1816 год начался для архимандрита Филарета печально. Отец давно болел, ослабла надежда на то, что скоро может подняться, но Филарет в частых молитвах просил и просил Господа о да­ровании здравия протоиерею Михаилу. Вдруг как-то в полуночную свою молитву он, сам не ожидая, произнес после прошения о здравии: «...но да будет воля Твоя, Господи!» И нечто неясное и в то же время вполне определенное посетило душу его и при­уготовило к принятию скорбной вести.

Брату Никите он написал: «...Нельзя быть без. печали, но предаваться ей не должно. Бог есть Отец всех, имеет ли кто или не имеет отца на земле. У Него все живы. Чего недостает тому для утешения, кто имеет Отцом Бога? Надо только, чтобы мы старались быть истинными Его детьми, чрез веру в Него и чрез исполнение заповедей Его. Вот неисчерпаемый источник утеше­ний».

И все же ныло у самого сердце от невосполнимости утраты, от невозможности посоветоваться и услышать отцовское внуше­ние, хотя бы и не был с ним согласен, повиниться перед отцом, ибо все сыновья только после рокового мига сознают, в чем и когда остались виноваты перед родителями.

 

В письмах он утешал мать, сам черпая утешение в уповании на волю Божию, в вере в неминуемое свидание в мире ином, когда вновь позовет его батюшка: «Голубь мой ласковый, иди ко мне!»

 

Испытание было послано Филарету будто для того, чтобы укрепить его перед важным рубежом. Он с головой ушел в дела академии, подготовку издания своего учебного курса церковной истории, по поручению государя руководил работами по переводу Священного Писания на русский язык.

Князь Александр Николаевич, у которого уже не было секретов от отца Филарета, ему первому открыл в феврале 1816 года волю императора, пожелавшего доставить и россиянам способ читать слово Божие на природном своем языке. Это было то самое, чего

страстно желал сам Филарет, и неудивительно, что в созданном высшем переводном комитете он играл ведущую роль.

По его предложению начали дело с перевода Евангелий. Филарет еженедельно докладывал в комитете о ходе работ, защищал исправления от придирок архиепископа Серафима Глаголевского и архиепископа Михаила Десницкого, от замечаний Лабзина и нового голицынского работника Попова. Он же наблюдал за печатанием, вычитывая вечерами гранки и корректурные листы. Работали несколько человек. Евангелие от Марка переводил ректор Санкт-Петербургской духовной семинарии архимандрит Поликарп Гайтанников; Евангелие от Матфея — отец Герасим Павский; Евангелие от Луки —архимандрит Моисей, ректор киев­ский семинарии.

Сам Дроздов взялся за перевод Евангелия от Иоанна, видевшегося ему особенно важным и трудным для передачи на русском. Любимый ученик Господа апостол Иоанн не просто дополнял фактами уже имевшиеся описания жизни Спасителя, но и освещал искупительное значение Его миссии на земле. Передать сие требовалось с древнегреческого новым слогом русского языка, однако не столь легковесно, как сочинения новейших литераторов Батюшкова или Карамзина.

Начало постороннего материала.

lemma disc_value_anchored_mono:
  assumes pol: "is_policy \<pi>" "is_policy \<pi>'" and b: "0 \<le> b" "b < 1"
    and le: "\<And>t. disc_value P r (b * \<gamma>) \<pi>' $ t \<le> disc_value P r (b * \<gamma>) \<pi> $ t"
  shows "disc_value Q r b \<pi>' $ s \<le> disc_value Q r b \<pi> $ s"
proof -
  have "b / (real n * (1 - b)) * disc_value P r (b * \<gamma>) \<pi>' $ s0 \<le> b / (real n * (1 - b)) * disc_value P r (b * \<gamma>) \<pi> $ s0"
    using le b by (intro mult_left_mono) auto
  thus ?thesis
    using le[of s] by (simp add: disc_value_anchored[OF pol(1) b] disc_value_anchored[OF pol(2) b])
qed

lemma ex_blackwell_optimal: "\<exists>\<pi>. blackwell_optimal Q r \<pi>"
proof -
  obtain f d\<^sub>0 where d\<^sub>0: "0 \<le> d\<^sub>0" "d\<^sub>0 < \<gamma>"
    and f: "\<And>d \<pi> s. d\<^sub>0 < d \<Longrightarrow> d \<le> \<gamma> \<Longrightarrow> is_policy \<pi> \<Longrightarrow>
              disc_value P r d \<pi> $ s \<le> disc_value P r d (det_policy f) $ s"
    by (rule ex_det_policy_optimal_near[OF kernel gamma_pos gamma_less_1]) (rule that)
  have dom: "disc_value Q r b \<pi> $ s \<le> disc_value Q r b (det_policy f) $ s"
    if b: "d\<^sub>0 / \<gamma> < b" "b < 1" and pol: "is_policy \<pi>" for b \<pi> s
  proof (rule disc_value_anchored_mono[OF is_policy_det_policy pol])
    have "0 \<le> d\<^sub>0 / \<gamma>"
      using d\<^sub>0 gamma_pos by simp
    thus "0 \<le> b"
      using b by linarith
    have "d\<^sub>0 < b * \<gamma>"
      using b(1) by (simp only: pos_divide_less_eq[OF gamma_pos])
    moreover have "b * \<gamma> \<le> 1 * \<gamma>"
      using b(2) gamma_pos by (intro mult_right_mono) auto
    hence "b * \<gamma> \<le> \<gamma>"
      by (simp only: mult_1)
    ultimately show "disc_value P r (b * \<gamma>) \<pi> $ t \<le> disc_value P r (b * \<gamma>) (det_policy f) $ t" for t
      by (rule f[OF _ _ pol])
  qed (use b in simp)
  have "blackwell_optimal Q r (det_policy f)"
    unfolding blackwell_optimal_def
  proof (intro conjI is_policy_det_policy exI[of _ "d\<^sub>0 / \<gamma>"] allI impI)
    show "d\<^sub>0 / \<gamma> < 1"
      using d\<^sub>0 gamma_pos by simp
    fix b and \<pi> :: "'s \<Rightarrow> 'a \<Rightarrow> real" and s
    assume "d\<^sub>0 / \<gamma> < b \<and> b < 1" "is_policy \<pi>"
    thus "disc_value Q r b \<pi> $ s \<le> disc_value Q r b (det_policy f) $ s"
      using dom by blast
  qed
  thus ?thesis
    by blast
qed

Теперь новый источник радости возник для Филарета. Во время богослужения он смотрел на молящихся с предвкушением того счастия, которое они обретут в чтении Божьего Слова. При поездках по городу он оглядывал спешащую деловую петербургскую толпу, думая все о том же, как вдруг приблизится к ним Слово и просветит души и сердца их. Приходила подчас мысль, что, быть может, это и есть то главное дело, для совершения коего он появился на свет. Мысль сия придавала новые силы и воодушевляла безмерно.

Немало времени отнимали, правда, консисторские заботы, текучка епархиальной жизни с неизбежными разводами и сомнительными браками мирян, перемещениями, спорами и провинностями священнослужителей. Филарет работал, не поднимая головы.

- Гляжу я на тебя и удивляюсь,— признался как-то его друг, архимандрит Иннокентий Смирнов.— Когда у тебя времени достаёт писать проповеди?

- Майские ночи короткие,— улыбнулся Филарет.— Ты, брат, не мог бы меня одолжить деньгами?

— Неужто недостает? — поразился Иннокентий.— Куда ж ты их деваеш?

— Матери посылаю, сестрам, племянникам в Москву,— нехотя объяснил Филарет.

— Иной раз в академии нужда какая откроется— Так по мелочам все жалованье и утечет. А тут прачкам надо платить и переписчикам... Так дашь?

— Тебе и архиерейского жалованья хватать не будет,— сказал Иннокентий, доставая кошелек.

Слово было сказано. А на следующий день архимандрит Фи­ларет посетил митрополита Амвросия вместе с другими настав­никами академии. Только что в соборе был отслужен благодар­ственный молебен по случаю окончания второго курса и работ­ники на ниве духовного просвещения ожидали архипастырского благословения на отдых. Настроение у всех было приподнятое, и никто, кроме Филарета, не обратил внимания на некоторую

 

стесненность владыки.

Побеседовав с профессорами, Амвросий отпустил их, а Фи­ларета оставил.

— Посмотри, что я пишу! — кивнул владыка на стол. Филарет подошел и опустил глаза на большой лист бумаги.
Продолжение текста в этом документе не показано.